[[ Data for analysis, beginning ]]
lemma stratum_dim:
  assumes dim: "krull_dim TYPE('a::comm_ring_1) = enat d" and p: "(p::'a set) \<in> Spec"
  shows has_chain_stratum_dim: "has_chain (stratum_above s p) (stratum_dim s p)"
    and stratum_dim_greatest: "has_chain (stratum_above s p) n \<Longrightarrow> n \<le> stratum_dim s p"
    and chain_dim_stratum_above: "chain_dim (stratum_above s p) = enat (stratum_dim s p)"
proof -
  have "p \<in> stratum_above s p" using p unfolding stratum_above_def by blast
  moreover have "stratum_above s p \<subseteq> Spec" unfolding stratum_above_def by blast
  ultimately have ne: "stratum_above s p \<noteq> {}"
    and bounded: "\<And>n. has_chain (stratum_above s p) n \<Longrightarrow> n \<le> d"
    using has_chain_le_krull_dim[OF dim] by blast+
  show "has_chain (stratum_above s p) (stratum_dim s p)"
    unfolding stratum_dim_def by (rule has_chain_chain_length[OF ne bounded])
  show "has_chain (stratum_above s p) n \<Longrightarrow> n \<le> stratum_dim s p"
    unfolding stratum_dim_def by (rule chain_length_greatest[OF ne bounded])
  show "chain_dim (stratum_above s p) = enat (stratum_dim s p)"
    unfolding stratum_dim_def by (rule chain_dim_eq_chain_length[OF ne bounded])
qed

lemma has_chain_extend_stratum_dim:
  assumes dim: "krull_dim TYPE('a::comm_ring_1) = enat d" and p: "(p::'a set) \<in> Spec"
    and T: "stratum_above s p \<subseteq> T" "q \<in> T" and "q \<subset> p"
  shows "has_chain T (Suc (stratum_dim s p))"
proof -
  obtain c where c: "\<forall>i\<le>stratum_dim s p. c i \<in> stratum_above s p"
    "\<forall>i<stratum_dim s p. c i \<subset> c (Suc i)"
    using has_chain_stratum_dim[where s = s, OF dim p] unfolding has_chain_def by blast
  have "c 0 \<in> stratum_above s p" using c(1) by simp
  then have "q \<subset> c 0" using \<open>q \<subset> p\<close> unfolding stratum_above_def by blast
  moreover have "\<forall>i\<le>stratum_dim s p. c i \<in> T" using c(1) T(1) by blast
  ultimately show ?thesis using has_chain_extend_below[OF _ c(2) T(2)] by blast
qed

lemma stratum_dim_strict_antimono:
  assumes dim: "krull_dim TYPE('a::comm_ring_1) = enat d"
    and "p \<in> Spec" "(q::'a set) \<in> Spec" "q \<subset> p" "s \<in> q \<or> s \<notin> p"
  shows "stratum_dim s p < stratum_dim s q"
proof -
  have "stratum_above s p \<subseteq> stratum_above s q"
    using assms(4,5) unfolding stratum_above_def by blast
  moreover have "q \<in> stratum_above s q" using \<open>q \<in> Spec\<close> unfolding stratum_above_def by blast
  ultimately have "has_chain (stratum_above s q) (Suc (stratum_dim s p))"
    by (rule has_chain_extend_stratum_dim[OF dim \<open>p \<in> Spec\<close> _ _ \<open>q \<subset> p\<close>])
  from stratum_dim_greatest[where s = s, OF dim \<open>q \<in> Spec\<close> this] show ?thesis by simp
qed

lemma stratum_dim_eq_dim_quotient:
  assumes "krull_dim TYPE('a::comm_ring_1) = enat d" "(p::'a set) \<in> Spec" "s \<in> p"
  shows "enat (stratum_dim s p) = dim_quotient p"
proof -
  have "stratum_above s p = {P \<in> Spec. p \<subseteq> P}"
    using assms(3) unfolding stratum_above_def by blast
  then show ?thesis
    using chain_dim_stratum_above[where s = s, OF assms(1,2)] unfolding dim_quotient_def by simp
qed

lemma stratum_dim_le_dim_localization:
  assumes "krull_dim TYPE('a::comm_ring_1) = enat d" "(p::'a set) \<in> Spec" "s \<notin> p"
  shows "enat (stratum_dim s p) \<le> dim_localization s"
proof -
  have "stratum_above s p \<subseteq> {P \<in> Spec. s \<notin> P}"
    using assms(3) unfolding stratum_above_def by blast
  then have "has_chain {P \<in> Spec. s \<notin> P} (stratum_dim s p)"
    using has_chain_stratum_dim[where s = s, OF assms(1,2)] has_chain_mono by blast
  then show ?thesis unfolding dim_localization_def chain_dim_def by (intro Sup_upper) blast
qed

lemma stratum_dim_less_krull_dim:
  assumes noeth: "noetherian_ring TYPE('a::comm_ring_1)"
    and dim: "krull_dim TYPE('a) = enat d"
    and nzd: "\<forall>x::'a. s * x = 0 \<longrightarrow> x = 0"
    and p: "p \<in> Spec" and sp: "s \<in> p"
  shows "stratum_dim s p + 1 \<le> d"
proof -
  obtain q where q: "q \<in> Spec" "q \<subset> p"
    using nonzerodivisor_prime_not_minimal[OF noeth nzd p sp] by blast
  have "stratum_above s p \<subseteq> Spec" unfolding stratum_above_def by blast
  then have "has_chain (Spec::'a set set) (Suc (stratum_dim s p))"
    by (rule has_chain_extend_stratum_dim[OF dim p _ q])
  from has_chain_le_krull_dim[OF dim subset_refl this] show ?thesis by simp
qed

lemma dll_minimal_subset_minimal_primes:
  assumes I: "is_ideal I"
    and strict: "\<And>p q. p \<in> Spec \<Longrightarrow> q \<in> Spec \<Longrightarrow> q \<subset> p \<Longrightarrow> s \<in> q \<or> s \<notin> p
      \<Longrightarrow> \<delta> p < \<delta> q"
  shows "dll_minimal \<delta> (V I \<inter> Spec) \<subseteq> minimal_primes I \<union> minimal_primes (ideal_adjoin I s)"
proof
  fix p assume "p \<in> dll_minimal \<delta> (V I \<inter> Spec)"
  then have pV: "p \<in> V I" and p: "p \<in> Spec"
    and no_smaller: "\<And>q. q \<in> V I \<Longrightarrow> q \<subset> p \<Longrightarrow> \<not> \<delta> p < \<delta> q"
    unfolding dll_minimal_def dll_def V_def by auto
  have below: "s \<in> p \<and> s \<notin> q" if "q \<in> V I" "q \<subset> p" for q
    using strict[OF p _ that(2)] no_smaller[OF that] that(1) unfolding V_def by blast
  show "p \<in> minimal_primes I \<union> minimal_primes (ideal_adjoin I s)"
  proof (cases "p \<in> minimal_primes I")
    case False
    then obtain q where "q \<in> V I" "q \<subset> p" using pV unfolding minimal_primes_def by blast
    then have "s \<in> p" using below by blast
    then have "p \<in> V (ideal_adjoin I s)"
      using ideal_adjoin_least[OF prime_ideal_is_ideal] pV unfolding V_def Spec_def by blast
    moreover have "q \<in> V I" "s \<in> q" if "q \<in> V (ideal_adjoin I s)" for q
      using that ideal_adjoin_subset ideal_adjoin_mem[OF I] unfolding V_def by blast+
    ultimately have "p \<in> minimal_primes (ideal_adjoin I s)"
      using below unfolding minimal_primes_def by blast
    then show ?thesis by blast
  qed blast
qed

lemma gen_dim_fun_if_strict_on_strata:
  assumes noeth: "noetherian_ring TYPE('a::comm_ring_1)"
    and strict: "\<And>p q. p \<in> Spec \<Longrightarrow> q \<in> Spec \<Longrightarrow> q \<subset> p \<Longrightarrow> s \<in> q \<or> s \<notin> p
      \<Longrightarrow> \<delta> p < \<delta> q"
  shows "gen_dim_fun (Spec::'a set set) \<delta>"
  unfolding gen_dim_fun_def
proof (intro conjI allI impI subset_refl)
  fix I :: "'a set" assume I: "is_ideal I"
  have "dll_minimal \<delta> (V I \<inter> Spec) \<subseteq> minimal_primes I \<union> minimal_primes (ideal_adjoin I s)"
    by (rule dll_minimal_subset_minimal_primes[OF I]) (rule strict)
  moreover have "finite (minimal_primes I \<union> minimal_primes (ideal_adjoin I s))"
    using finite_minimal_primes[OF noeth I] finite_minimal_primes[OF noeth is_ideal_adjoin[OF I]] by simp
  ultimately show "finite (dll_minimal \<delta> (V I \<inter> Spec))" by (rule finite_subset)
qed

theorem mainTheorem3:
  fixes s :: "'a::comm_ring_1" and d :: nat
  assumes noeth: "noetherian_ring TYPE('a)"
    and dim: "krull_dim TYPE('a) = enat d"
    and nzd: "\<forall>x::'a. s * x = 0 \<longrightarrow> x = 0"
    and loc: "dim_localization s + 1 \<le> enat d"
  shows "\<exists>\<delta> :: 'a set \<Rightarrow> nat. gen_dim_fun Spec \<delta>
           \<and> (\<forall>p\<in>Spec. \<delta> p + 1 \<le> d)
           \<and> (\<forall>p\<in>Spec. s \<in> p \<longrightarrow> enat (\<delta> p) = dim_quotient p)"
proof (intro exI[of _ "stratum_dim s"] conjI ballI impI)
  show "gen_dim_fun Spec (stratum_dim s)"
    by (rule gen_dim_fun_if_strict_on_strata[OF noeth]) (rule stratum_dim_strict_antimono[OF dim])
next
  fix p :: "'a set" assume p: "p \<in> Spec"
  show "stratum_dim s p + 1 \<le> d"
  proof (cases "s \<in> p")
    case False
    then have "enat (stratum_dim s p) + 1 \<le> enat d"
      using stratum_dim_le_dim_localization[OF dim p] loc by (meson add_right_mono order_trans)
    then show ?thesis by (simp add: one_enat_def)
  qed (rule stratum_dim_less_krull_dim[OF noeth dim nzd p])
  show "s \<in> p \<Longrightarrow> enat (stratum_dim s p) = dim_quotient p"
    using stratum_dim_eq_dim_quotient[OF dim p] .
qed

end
[[ Data for analysis, end ]]
▶ _What you are asked to do_: Using the entries above, return each line that includes the word "thesis".

▶ _Reply_:
  ultimately show ?thesis using has_chain_extend_below[OF _ c(2) T(2)] by blast
  from stratum_dim_greatest[where s = s, OF dim \<open>q \<in> Spec\<close> this] show ?thesis by simp
  then show ?thesis
  then show ?thesis unfolding dim_localization_def chain_dim_def by (intro Sup_upper) blast
  from has_chain_le_krull_dim[OF dim subset_refl this] show ?thesis by simp
    then show ?thesis by blast
    then show ?thesis by (simp add: one_enat_def)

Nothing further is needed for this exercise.